Apple security flaw ‘actively exploited’ by hackers to fully control devices | apple
Apple users have been urged to immediately update their iPhones, iPads and Macs to protect against a pair of security vulnerabilities that could allow attackers to take complete control of their devices.
In both cases, Apple said, there are credible reports that hackers are already abusing the vulnerabilities to attack users.
One of the software vulnerabilities affects the kernel, the deepest layer of the operating system shared by all devices, Apple said. The second affects WebKit, the underlying technology of the Safari browser.
For each of the bugs, the company said it was “aware of a report that this issue may have been actively exploited,” though it did not provide further details. It credited one or more anonymous researchers with revealing both.

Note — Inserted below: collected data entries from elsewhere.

lemma serial_permute_iff:
  assumes f: "bij_betw f (pos \<tau>) (pos \<tau>)"
  shows "serial (permute \<tau> f) \<longleftrightarrow> (\<forall>y\<in>pos \<tau>. serial_at \<tau> f y)"
proof -
  have "serial_at \<tau> f y \<longleftrightarrow>
      (upto (permute \<tau> f) (f y) = {} \<longrightarrow> data (ev (permute \<tau> f) (f y)) = 0) \<and>
      (upto (permute \<tau> f) (f y) \<noteq> {} \<longrightarrow>
         data (ev (permute \<tau> f) (f y)) = data (ev (permute \<tau> f) (Max (upto (permute \<tau> f) (f y)))))"
    if y: "y \<in> pos \<tau>" for y
  proof -
    define U where "U = writes_before \<tau> f y"
    have U_pos: "U \<subseteq> pos \<tau>" and "finite U"
      unfolding U_def writes_before_def Lw_iff by (auto intro: finite_subset)
    have Max_iff: "data (ev \<tau> y) = data (ev (permute \<tau> f) (Max (f ` U))) \<longleftrightarrow>
        (\<exists>x\<in>U. (\<forall>z\<in>U. f z \<le> f x) \<and> data (ev \<tau> y) = data (ev \<tau> x))" if "U \<noteq> {}"
    proof -
      have "Max (f ` U) \<in> f ` U"
        using \<open>finite U\<close> \<open>U \<noteq> {}\<close> by simp
      then obtain x where x: "x \<in> U" "Max (f ` U) = f x"
        by auto
      have "\<forall>z\<in>U. f z \<le> f x"
        using x \<open>finite U\<close> by (metis Max_ge finite_imageI imageI)
      moreover have "x' \<in> U \<Longrightarrow> \<forall>z\<in>U. f z \<le> f x' \<Longrightarrow> f x' = f x" for x'
        using x calculation by (meson le_antisym)
      moreover have "f x' = f x \<Longrightarrow> x' \<in> U \<Longrightarrow> x' = x" for x'
        using f x U_pos by (meson bij_betw_def inj_onD subsetD)
      ultimately show ?thesis
        using x U_pos ev_permute_image[OF f] by (metis subsetD)
    qed
    show ?thesis
      using Max_iff
      by (simp add: upto_permute[OF f y] ev_permute_image[OF f y] serial_at_def U_def[symmetric])
  qed
  moreover have "serial (permute \<tau> f) \<longleftrightarrow> (\<forall>u\<in>f ` pos \<tau>.
      (upto (permute \<tau> f) u = {} \<longrightarrow> data (ev (permute \<tau> f) u) = 0) \<and>
      (upto (permute \<tau> f) u \<noteq> {} \<longrightarrow>
         data (ev (permute \<tau> f) u) = data (ev (permute \<tau> f) (Max (upto (permute \<tau> f) u)))))"
    using f by (simp add: serial_def bij_betw_def)
  ultimately show ?thesis
    by simp
qed

section \<open>Serializations versus acyclic constraint graphs\<close>

lemma serial_at_nonzero_has_writer:
  assumes "serial_at \<tau> f y" "data (ev \<tau> y) \<noteq> 0"
  obtains w where "w \<in> Lw \<tau> (loc (ev \<tau> y))" "f w \<le> f y"
    "data (ev \<tau> w) = data (ev \<tau> y)" "\<And>z. z \<in> Lw \<tau> (loc (ev \<tau> y)) \<Longrightarrow> f z \<le> f y \<Longrightarrow> f z \<le> f w"
proof -
  have "writes_before \<tau> f y \<noteq> {}"
    using assms unfolding serial_at_def by blast
  then obtain w where "w \<in> writes_before \<tau> f y" "\<forall>z\<in>writes_before \<tau> f y. f z \<le> f w"
    "data (ev \<tau> y) = data (ev \<tau> w)"
    using assms(1) unfolding serial_at_def by blast
  then show thesis
    using that unfolding writes_before_def by auto
qed

lemma serial_at_reads_from:
  assumes "unambiguous \<tau>" "serial_at \<tau> f y" "x \<in> Lw \<tau> (loc (ev \<tau> y))"
    and "data (ev \<tau> x) = data (ev \<tau> y)"
  shows "f x \<le> f y" "\<And>z. z \<in> Lw \<tau> (loc (ev \<tau> y)) \<Longrightarrow> f z \<le> f y \<Longrightarrow> f z \<le> f x"
proof -
  have "data (ev \<tau> y) \<noteq> 0"
    using assms(1,3,4) unambiguous_data_nonzero by metis
  then obtain w where w: "w \<in> Lw \<tau> (loc (ev \<tau> y))" "f w \<le> f y" "data (ev \<tau> w) = data (ev \<tau> y)"
    "\<And>z. z \<in> Lw \<tau> (loc (ev \<tau> y)) \<Longrightarrow> f z \<le> f y \<Longrightarrow> f z \<le> f w"
    using serial_at_nonzero_has_writer[OF assms(2)] by blast
  have "w = x"
    using unambiguous_writer_unique[OF assms(1) w(1) assms(3)] w(3) assms(4) by simp
  then show "f x \<le> f y" "\<And>z. z \<in> Lw \<tau> (loc (ev \<tau> y)) \<Longrightarrow> f z \<le> f y \<Longrightarrow> f z \<le> f x"
    using w by auto
qed

lemma serial_at_zero_before_writes:
  assumes "unambiguous \<tau>" "serial_at \<tau> f y" "data (ev \<tau> y) = 0" "z \<in> Lw \<tau> (loc (ev \<tau> y))"
  shows "f y < f z"
proof (rule ccontr)
  assume "\<not> f y < f z"
  then have "writes_before \<tau> f y \<noteq> {}"
    using assms(4) by (auto simp: writes_before_def)
  then obtain x where "x \<in> Lw \<tau> (loc (ev \<tau> y))" "data (ev \<tau> x) = 0"
    using assms(2,3) unfolding serial_at_def writes_before_def by auto
  then show False
    using assms(1) unambiguous_data_nonzero by blast
qed

definition write_order :: "event list \<Rightarrow> (nat \<Rightarrow> nat) \<Rightarrow> nat \<Rightarrow> (nat \<times> nat) set" where
  "write_order \<tau> f j = {(a, b). a \<in> Lw \<tau> j \<and> b \<in> Lw \<tau> j \<and> f a < f b}"

lemma strict_linear_order_on_write_order:
  assumes "inj_on f (pos \<tau>)"
  shows "strict_linear_order_on (Lw \<tau> j) (write_order \<tau> f j)"
  unfolding strict_linear_order_on_def
proof (intro conjI)
  show "trans (write_order \<tau> f j)" "irrefl (write_order \<tau> f j)"
    by (auto simp: trans_def irrefl_def write_order_def)
  have "f x < f y \<or> f y < f x" if "x \<in> Lw \<tau> j" "y \<in> Lw \<tau> j" "x \<noteq> y" for x y
    using assms that by (auto simp: Lw_iff linorder_neq_iff[symmetric] dest: inj_onD)
  then show "total_on (Lw \<tau> j) (write_order \<tau> f j)"
    by (simp add: total_on_def write_order_def)
qed

lemma Omega_e_write_order_increasing:
  assumes un: "unambiguous \<tau>" and inj: "inj_on f (pos \<tau>)"
    and serial: "\<forall>y\<in>pos \<tau>. serial_at \<tau> f y"
    and \<Omega>: "\<Omega> \<tau> j = write_order \<tau> f j"
    and xy: "(x, y) \<in> Omega_e \<Omega> \<tau> j"
  shows "f x < f y"
proof -
  have x: "x \<in> pos \<tau>" "loc (ev \<tau> x) = j" and y: "y \<in> pos \<tau>" "loc (ev \<tau> y) = j"
    using xy by (auto simp: Omega_e_def Lset_def)
  have sx: "serial_at \<tau> f x" and sy: "serial_at \<tau> f y"
    using serial x y by auto
  consider (reads_from) "data (ev \<tau> x) = data (ev \<tau> y)" "op (ev \<tau> x) = W" "op (ev \<tau> y) = R"
    | (initial) "data (ev \<tau> x) = 0" "data (ev \<tau> y) \<noteq> 0"
    | (ordered) a b where "a \<in> Lw \<tau> j" "b \<in> Lw \<tau> j" "f a < f b"
        "data (ev \<tau> a) = data (ev \<tau> x)" "data (ev \<tau> b) = data (ev \<tau> y)"
    using xy \<Omega> unfolding Omega_e_def write_order_def by auto
  then show ?thesis
  proof cases
    case reads_from
    then have "f x \<le> f y" "x \<noteq> y"
      using serial_at_reads_from(1)[OF un sy] x y by (auto simp: Lw_iff)
    then show ?thesis
      using inj x y by (metis inj_onD le_neq_implies_less)
  next
    case initial
    then obtain w where "w \<in> Lw \<tau> j" "f w \<le> f y"
      using sy y(2) by (metis serial_at_nonzero_has_writer)
    moreover have "f x < f w"
      using serial_at_zero_before_writes[OF un sx initial(1)] x(2) calculation(1) by simp
    ultimately show ?thesis
      by simp
  next
    case ordered
    have "f x < f b"
      using serial_at_reads_from(2)[OF un sx _ ordered(4)] ordered(1-3) x(2) by fastforce
    moreover have "f b \<le> f y"
      using serial_at_reads_from(1)[OF un sy _ ordered(5)] ordered(2) y(2) by simp
    ultimately show ?thesis
      by simp
  qed
qed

Anyone with an iPhone released since 2015, an iPad released since 2014, or a Mac running macOS Monterey can download the update by opening the settings menu on their mobile device, or selecting “software update” from the “about this Mac” menu on their computer.

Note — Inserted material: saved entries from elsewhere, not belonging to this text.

(* Let $\pi\ge1$. For every input $\sigma=(g_1,\dots,g_T)\in\Sigma$, the outputs $\bar v_t$ of CR-Pursuit($\pi$) satisfy $$\sum_{t=1}^T\frac{g_t(\bar v_t)}{p(t)}\ \le\ \frac{\Delta}{\pi}\,(\ln\theta+1),$$ where $p(t)=g_t'(0)$ and $\theta=M/m$.
   Context: Fix $\Delta>0$ and $0<m\le M$, $\theta=M/m$. Let $\mathcal G$ be the family of all functions $g:[0,\Delta]\to\mathbb{R}$ that are concave, increasing and differentiable on $[0,\Delta]$ with $g(0)=0$ and $g'(0)\in[m,M]$. An input is a finite sequence $\sigma=(g_1,\dots,g_T)$, $T\ge1$, $g_t\in\mathcal G$; $\Sigma$ is the set of all inputs; $\sigma^{[1:t]}=(g_1,\dots,g_t)$ ($\sigma^{[1:0]}$ empty). $\eta_{OPT}(\sigma^{[1:t]})$ is the optimal value of $\max\sum_{s=1}^t g_s(v_s)$ s.t. $\sum_{s=1}^t v_s\le\Delta$, $v_s\ge0$ (and $0$ for the empty sequence). For $\pi\ge1$, CR-Pursuit($\pi$) outputs at time $t$ the smallest $\bar v_t\in[0,\Delta]$ with $g_t(\bar v_t)=\frac1\pi\big[\eta_{OPT}(\sigma^{[1:t]})-\eta_{OPT}(\sigma^{[1:t-1]})\big]$. *)

theory Defs
  imports "HOL-Analysis.Analysis"
begin

definition in_G :: "real \<Rightarrow> real \<Rightarrow> real \<Rightarrow> (real \<Rightarrow> real) \<Rightarrow> bool" where
  "in_G \<Delta> m M g \<longleftrightarrow>
     concave_on {0..\<Delta>} g \<and> mono_on {0..\<Delta>} g \<and> g differentiable_on {0..\<Delta>} \<and>
     g 0 = 0 \<and>
     (\<exists>d. (g has_real_derivative d) (at 0 within {0..\<Delta>}) \<and> m \<le> d \<and> d \<le> M)"

text \<open>Offline optimum for the prefix g_1..g_t (equals 0 for t = 0).\<close>
definition eta_OPT :: "real \<Rightarrow> (nat \<Rightarrow> real \<Rightarrow> real) \<Rightarrow> nat \<Rightarrow> real" where
  "eta_OPT \<Delta> g t = Sup {(\<Sum>s=1..t. g s (v s)) | v :: nat \<Rightarrow> real.
       (\<forall>s\<in>{1..t}. 0 \<le> v s) \<and> (\<Sum>s=1..t. v s) \<le> \<Delta>}"

definition cr_pursuit :: "real \<Rightarrow> real \<Rightarrow> (nat \<Rightarrow> real \<Rightarrow> real) \<Rightarrow> nat \<Rightarrow> real" where
  "cr_pursuit \<Delta> \<pi> g t = Inf {v \<in> {0..\<Delta>}.
       g t v = (eta_OPT \<Delta> g t - eta_OPT \<Delta> g (t - 1)) / \<pi>}"

end

theory Submission
  imports Defs
begin

text \<open>
  Write \<open>D t = \<eta>\<^sub>O\<^sub>P\<^sub>T(t) - \<eta>\<^sub>O\<^sub>P\<^sub>T(t - 1)\<close>; CR-Pursuit earns exactly \<open>g\<^sub>t(v\<^sub>t) = D t / \<pi>\<close>.
  The key estimate is a level condition: for every price \<open>y \<ge> 0\<close>, the increments \<open>D t\<close>
  at times with \<open>p(t) \<le> y\<close> sum to at most \<open>y \<Delta>\<close>. To see it, compare the offline problem
  with the relaxation in which unspent budget is sold at price \<open>y\<close> and only the functions
  with \<open>p(t) > y\<close> are kept: the discarded functions have slope at most \<open>y\<close>, so the
  relaxation dominates, and an exchange argument based on concavity shows that a new
  function raises the relaxation by no more than it raises the offline optimum.

  Since moreover \<open>p(t) \<ge> m\<close>, the level condition bounds \<open>\<Sum> D t / p(t)\<close> by the value
  of the extremal distribution (mass \<open>m \<Delta>\<close> at level \<open>m\<close>, density \<open>\<Delta>\<close> on \<open>[m, M]\<close>),
  which is \<open>\<Delta> (ln (M / m) + 1)\<close>.
\<close>

section \<open>Allocations with a price on the unspent budget\<close>

definition feasible_alloc :: "nat set \<Rightarrow> real \<Rightarrow> (nat \<Rightarrow> real) \<Rightarrow> bool" where
  "feasible_alloc S \<Delta> v \<longleftrightarrow> (\<forall>s\<in>S. 0 \<le> v s) \<and> (\<Sum>s\<in>S. v s) \<le> \<Delta>"

definition priced_value ::
    "nat set \<Rightarrow> (nat \<Rightarrow> real \<Rightarrow> real) \<Rightarrow> real \<Rightarrow> real \<Rightarrow> (nat \<Rightarrow> real) \<Rightarrow> real" where
  "priced_value S f y \<Delta> v = (\<Sum>s\<in>S. f s (v s)) + y * (\<Delta> - (\<Sum>s\<in>S. v s))"

definition priced_opt :: "nat set \<Rightarrow> (nat \<Rightarrow> real \<Rightarrow> real) \<Rightarrow> real \<Rightarrow> real \<Rightarrow> real" where
  "priced_opt S f y \<Delta> = Sup (priced_value S f y \<Delta> ` {v. feasible_alloc S \<Delta> v})"

definition slope_le :: "real \<Rightarrow> real \<Rightarrow> (real \<Rightarrow> real) \<Rightarrow> bool" where
  "slope_le y \<Delta> h \<longleftrightarrow> (\<forall>a b. 0 \<le> a \<longrightarrow> a \<le> b \<longrightarrow> b \<le> \<Delta> \<longrightarrow> h b - h a \<le> y * (b - a))"

lemma eta_OPT_eq_priced_opt: "eta_OPT \<Delta> g t = priced_opt {1..t} g 0 \<Delta>"
  unfolding eta_OPT_def priced_opt_def priced_value_def feasible_alloc_def
  by (simp add: setcompr_eq_image)

lemma feasible_alloc_le_budget:
  assumes "finite S" "feasible_alloc S \<Delta> v" "s \<in> S"
  shows "v s \<le> \<Delta>"
proof -
  have "v s \<le> sum v S" using assms unfolding feasible_alloc_def by (intro member_le_sum) auto
  then show ?thesis using assms unfolding feasible_alloc_def by linarith
qed

lemma bdd_above_priced_value:
  assumes "finite S" "\<forall>s\<in>S. mono_on {0..\<Delta>} (f s)" "0 \<le> y"
  shows "bdd_above (priced_value S f y \<Delta> ` {v. feasible_alloc S \<Delta> v})"
proof (rule bdd_aboveI2)
  fix v assume v: "v \<in> {v. feasible_alloc S \<Delta> v}"
  have "(\<Sum>s\<in>S. f s (v s)) \<le> (\<Sum>s\<in>S. f s \<Delta>)"
  proof (rule sum_mono)
    fix s assume "s \<in> S"
    then show "f s (v s) \<le> f s \<Delta>" using assms v feasible_alloc_le_budget[of S \<Delta> v s]
      unfolding feasible_alloc_def mono_on_def by auto
  qed
  moreover have "y * (\<Delta> - (\<Sum>s\<in>S. v s)) \<le> y * \<Delta>"
    using v assms(3) unfolding feasible_alloc_def by (simp add: mult_left_mono sum_nonneg)
  ultimately show "priced_value S f y \<Delta> v \<le> (\<Sum>s\<in>S. f s \<Delta>) + y * \<Delta>"
    unfolding priced_value_def by linarith
qed

lemma priced_value_le_priced_opt:
  assumes "finite S" "\<forall>s\<in>S. mono_on {0..\<Delta>} (f s)" "0 \<le> y" "feasible_alloc S \<Delta> v"
  shows "priced_value S f y \<Delta> v \<le> priced_opt S f y \<Delta>"
  unfolding priced_opt_def using assms bdd_above_priced_value by (intro cSup_upper) auto

lemma priced_opt_least:
  assumes "0 \<le> \<Delta>" "\<And>v. feasible_alloc S \<Delta> v \<Longrightarrow> priced_value S f y \<Delta> v \<le> C"
  shows "priced_opt S f y \<Delta> \<le> C"
proof -
  have "feasible_alloc S \<Delta> (\<lambda>_. 0)" using assms unfolding feasible_alloc_def by auto
  then show ?thesis unfolding priced_opt_def using assms by (intro cSup_least) auto
qed

lemma priced_opt_empty: "0 \<le> \<Delta> \<Longrightarrow> priced_opt {} f y \<Delta> = y * \<Delta>"
proof -
  assume "0 \<le> \<Delta>"
  then have "priced_value {} f y \<Delta> ` {v. feasible_alloc {} \<Delta> v} = {y * \<Delta>}"
    unfolding priced_value_def feasible_alloc_def by auto
  then show ?thesis unfolding priced_opt_def by simp
qed

lemma priced_opt_insert_bounds:
  assumes fin: "finite S" and tS: "t \<notin> S" and \<Delta>: "0 \<le> \<Delta>"
    and mono: "\<forall>s\<in>insert t S. mono_on {0..\<Delta>} (f s)" and f0: "f t 0 = 0"
  shows "priced_opt S f 0 \<Delta> \<le> priced_opt (insert t S) f 0 \<Delta>"
    and "priced_opt (insert t S) f 0 \<Delta> \<le> priced_opt S f 0 \<Delta> + f t \<Delta>"
proof -
  show "priced_opt S f 0 \<Delta> \<le> priced_opt (insert t S) f 0 \<Delta>"
  proof (rule priced_opt_least[OF \<Delta>])
    fix v assume fv: "feasible_alloc S \<Delta> v"
    have sums: "(\<Sum>s\<in>S. (v(t := 0)) s) = (\<Sum>s\<in>S. v s)"
      "(\<Sum>s\<in>S. f s ((v(t := 0)) s)) = (\<Sum>s\<in>S. f s (v s))"
      using tS by (auto intro!: sum.cong)
    have fv': "feasible_alloc (insert t S) \<Delta> (v(t := 0))"
      using fv fin tS sums unfolding feasible_alloc_def by auto
    have "priced_value S f 0 \<Delta> v = priced_value (insert t S) f 0 \<Delta> (v(t := 0))"
      using fin tS sums f0 unfolding priced_value_def by simp
    also have "\<dots> \<le> priced_opt (insert t S) f 0 \<Delta>"
      using priced_value_le_priced_opt[OF _ mono _ fv'] fin by simp
    finally show "priced_value S f 0 \<Delta> v \<le> priced_opt (insert t S) f 0 \<Delta>" .
  qed
  show "priced_opt (insert t S) f 0 \<Delta> \<le> priced_opt S f 0 \<Delta> + f t \<Delta>"
  proof (rule priced_opt_least[OF \<Delta>])
    fix v assume fv: "feasible_alloc (insert t S) \<Delta> v"
    have vt: "0 \<le> v t" "v t \<le> \<Delta>"
      using fv feasible_alloc_le_budget[OF _ fv] fin unfolding feasible_alloc_def by auto
    have "feasible_alloc S \<Delta> v" using fv fin tS vt unfolding feasible_alloc_def by auto
    then have "priced_value S f 0 \<Delta> v \<le> priced_opt S f 0 \<Delta>"
      using priced_value_le_priced_opt[OF fin] mono by simp
    moreover have "f t (v t) \<le> f t \<Delta>" using mono vt \<Delta> unfolding mono_on_def by auto
    ultimately show "priced_value (insert t S) f 0 \<Delta> v \<le> priced_opt S f 0 \<Delta> + f t \<Delta>"
      using fin tS unfolding priced_value_def by simp
  qed
qed

lemma priced_opt_le_priced_opt_subset:
  assumes fin: "finite B" and AB: "A \<subseteq> B" and y: "0 \<le> y" and \<Delta>: "0 \<le> \<Delta>"
    and mono: "\<forall>s\<in>A. mono_on {0..\<Delta>} (f s)"
    and dom: "\<forall>j\<in>B - A. slope_le y \<Delta> (f j) \<and> f j 0 = 0"
  shows "priced_opt B f 0 \<Delta> \<le> priced_opt A f y \<Delta>"
proof (rule priced_opt_least[OF \<Delta>])
  fix v assume fv: "feasible_alloc B \<Delta> v"
  have split: "(\<Sum>s\<in>B. h s) = (\<Sum>s\<in>A. h s) + (\<Sum>s\<in>B - A. h s)" for h :: "nat \<Rightarrow> real"
    using sum.subset_diff[OF AB fin] by (simp add: add.commute)
  have v: "\<forall>s\<in>B. 0 \<le> v s" "(\<Sum>s\<in>B. v s) \<le> \<Delta>" using fv unfolding feasible_alloc_def by auto
  have "f j (v j) \<le> y * v j" if "j \<in> B - A" for j
    using dom that v(1) feasible_alloc_le_budget[OF fin fv, of j]
    unfolding slope_le_def by (metis DiffD1 diff_zero order_refl)
  then have rest: "(\<Sum>j\<in>B - A. f j (v j)) \<le> y * (\<Sum>j\<in>B - A. v j)"
    unfolding sum_distrib_left by (intro sum_mono) auto
  have "0 \<le> (\<Sum>j\<in>B - A. v j)" using v by (intro sum_nonneg) auto
  then have fvA: "feasible_alloc A \<Delta> v" using v AB unfolding feasible_alloc_def split[of v] by auto
  have "y * (\<Sum>s\<in>B. v s) \<le> y * \<Delta>" using v y by (simp add: mult_left_mono)
  then have "priced_value B f 0 \<Delta> v \<le> priced_value A f y \<Delta> v"
    using rest unfolding priced_value_def split[of v] split[of "\<lambda>s. f s (v s)"]
    by (simp add: algebra_simps)
  also have "\<dots> \<le> priced_opt A f y \<Delta>"
    using priced_value_le_priced_opt[OF _ mono y fvA] fin AB finite_subset by blast
  finally show "priced_value B f 0 \<Delta> v \<le> priced_opt A f y \<Delta>" .
qed

lemma concave_on_diff_le_deriv_at_0:
  fixes g :: "real \<Rightarrow> real"
  assumes conc: "concave_on {0..\<Delta>} g" and deriv: "(g has_real_derivative p) (at 0 within {0..\<Delta>})"
    and ab: "0 \<le> a" "a \<le> b" "b \<le> \<Delta>"
  shows "g b - g a \<le> p * (b - a)"
proof (cases "a = b")
  case True then show ?thesis by simp
next
  case False
  then have "a < b" using ab by simp
  have concb: "concave_on {0..b} g"
    using convex_on_subset[OF conc[unfolded concave_on_def], of "{0..b}"] ab
    unfolding concave_on_def by auto
  define S where "S = (g b - g a) / (b - a)"
  have "g a \<ge> (g b - g 0) / (b - 0) * (a - 0) + g 0"
    using concave_onD_Icc'[OF concb, of a] ab by simp
  then have S_le: "S \<le> (g b - g 0) / b"
    unfolding S_def using \<open>a < b\<close> ab by (simp add: field_simps)
  have "S \<le> (g h - g 0) / (h - 0)" if "0 < h" "h < b" for h
  proof -
    have "g h \<ge> (g b - g 0) / (b - 0) * (h - 0) + g 0"
      using concave_onD_Icc'[OF concb, of h] that by simp
    then have "(g b - g 0) / b \<le> (g h - g 0) / h" using that by (simp add: field_simps)
    then show ?thesis using S_le by simp
  qed
  then have "eventually (\<lambda>h. S \<le> (g h - g 0) / (h - 0)) (at 0 within {0..\<Delta>})"
    unfolding eventually_at
    by (intro exI[of _ b]) (use \<open>a < b\<close> ab in \<open>auto simp: dist_real_def\<close>)
  moreover have "((\<lambda>h. (g h - g 0) / (h - 0)) \<longlongrightarrow> p) (at 0 within {0..\<Delta>})"
    using deriv unfolding has_field_derivative_iff .
  moreover have "at (0::real) within {0..\<Delta>} \<noteq> bot"
    using \<open>a < b\<close> ab by (simp add: at_within_Icc_at_right)
  ultimately have "S \<le> p" using tendsto_lowerbound by blast
  then show ?thesis unfolding S_def using \<open>a < b\<close> by (simp add: divide_simps mult.commute)
qed

lemma concave_on_slope_le:
  fixes g :: "real \<Rightarrow> real"
  assumes "concave_on {0..\<Delta>} g" "(g has_real_derivative p) (at 0 within {0..\<Delta>})" "p \<le> y"
  shows "slope_le y \<Delta> g"
  unfolding slope_le_def
proof (intro allI impI)
  fix a b :: real assume ab: "0 \<le> a" "a \<le> b" "b \<le> \<Delta>"
  have "g b - g a \<le> p * (b - a)" using concave_on_diff_le_deriv_at_0[OF assms(1,2) ab] .
  also have "\<dots> \<le> y * (b - a)" using assms(3) ab by (intro mult_right_mono) auto
  finally show "g b - g a \<le> y * (b - a)" .
qed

Rachel Tobac, CEO of SocialProof Security, said Apple’s explanation of the vulnerability meant that a hacker could gain “full admin access to the device” so they could “run any code as if they were you, the user.”
Those who should pay particular attention to updating their software are “people who are in the public eye,” such as activists or journalists who could be targets of sophisticated nation-state espionage, Tobac said.

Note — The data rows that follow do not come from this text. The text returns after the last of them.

text \<open>Write \<open>A u\<close> and \<open>B u\<close> for the total flow into and out of \<open>u\<close>, divided by the density \<open>f u\<close>.
  The closure condition \<open>f h = g g\<close> turns the second-order equation into a logarithmic one:
  \<open>\<partial>\<^sub>t log g(u,v) = A u - B v\<close>, and the continuity equation reads \<open>\<partial>\<^sub>t log f(u) = A u - B u\<close>.
  Hence the logarithmic derivative of \<open>C\<^sub>\<gamma>\<close>, a ratio of products of these quantities,
  telescopes to \<open>A \<gamma>\<^sub>0 - B \<gamma>\<^sub>n\<close>, and \<open>C\<^sub>\<gamma> A \<gamma>\<^sub>0\<close> and \<open>C\<^sub>\<gamma> B \<gamma>\<^sub>n\<close> are exactly the sums of
  \<open>C\<close> over the one-step extensions of \<open>\<gamma>\<close> at either end.\<close>

lemma has_real_derivative_prod_logarithmic:
  fixes u :: "'b \<Rightarrow> real \<Rightarrow> real"
  assumes "finite A"
    and "\<And>x. x \<in> A \<Longrightarrow> (u x has_real_derivative u x z * d x) (at z within S)"
  shows "((\<lambda>s. \<Prod>x\<in>A. u x s) has_real_derivative (\<Prod>x\<in>A. u x z) * (\<Sum>x\<in>A. d x)) (at z within S)"
  using assms
proof (induction A rule: finite_induct)
  case (insert x A)
  have "(u x has_real_derivative u x z * d x) (at z within S)"
    and "((\<lambda>s. \<Prod>x\<in>A. u x s) has_real_derivative (\<Prod>x\<in>A. u x z) * (\<Sum>x\<in>A. d x)) (at z within S)"
    using insert.prems insert.IH by simp_all
  from DERIV_mult[OF this]
  have "((\<lambda>s. u x s * (\<Prod>x\<in>A. u x s)) has_real_derivative
        u x z * d x * (\<Prod>x\<in>A. u x z) + u x z * ((\<Prod>x\<in>A. u x z) * (\<Sum>x\<in>A. d x))) (at z within S)"
    by (simp add: algebra_simps)
  then show ?case
    using insert.hyps by (simp add: algebra_simps)
qed simp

Until the fix was released on Wednesday, the vulnerabilities would have been classified as “zero-day” bugs, because there has been a fix available for them for zero days. Such vulnerabilities are hugely valuable on the open market, where cyber arms brokers will buy them for hundreds of thousands or millions of dollars.
The broker Zerodium, for example, will pay “up to $500,000” for a security weakness that can be used to hack a user through Safari, and up to $2 million for a fully developed piece of malware that can hack an iPhone without a user having to click something. The company says the customers for such vulnerabilities are “government institutions (mainly from Europe and North America)”.
Commercial spyware companies such as Israel’s NSO Group are known to identify and exploit such flaws, exploiting them in malware that stealthily infects targets’ smartphones, siphons their contents and monitors the targets in real time.
NSO Group is blacklisted by the US Commerce Department. Spyware is known to have been used in Europe, the Middle East, Africa and Latin America against journalists, dissidents and human rights activists.
Will Strafach, a security researcher, said he had not seen any technical analysis of the vulnerabilities that Apple has just patched. The company has previously acknowledged similar serious flaws, and on what Strafach estimated to be perhaps a dozen times, noted that it was aware of reports that such security holes had been exploited.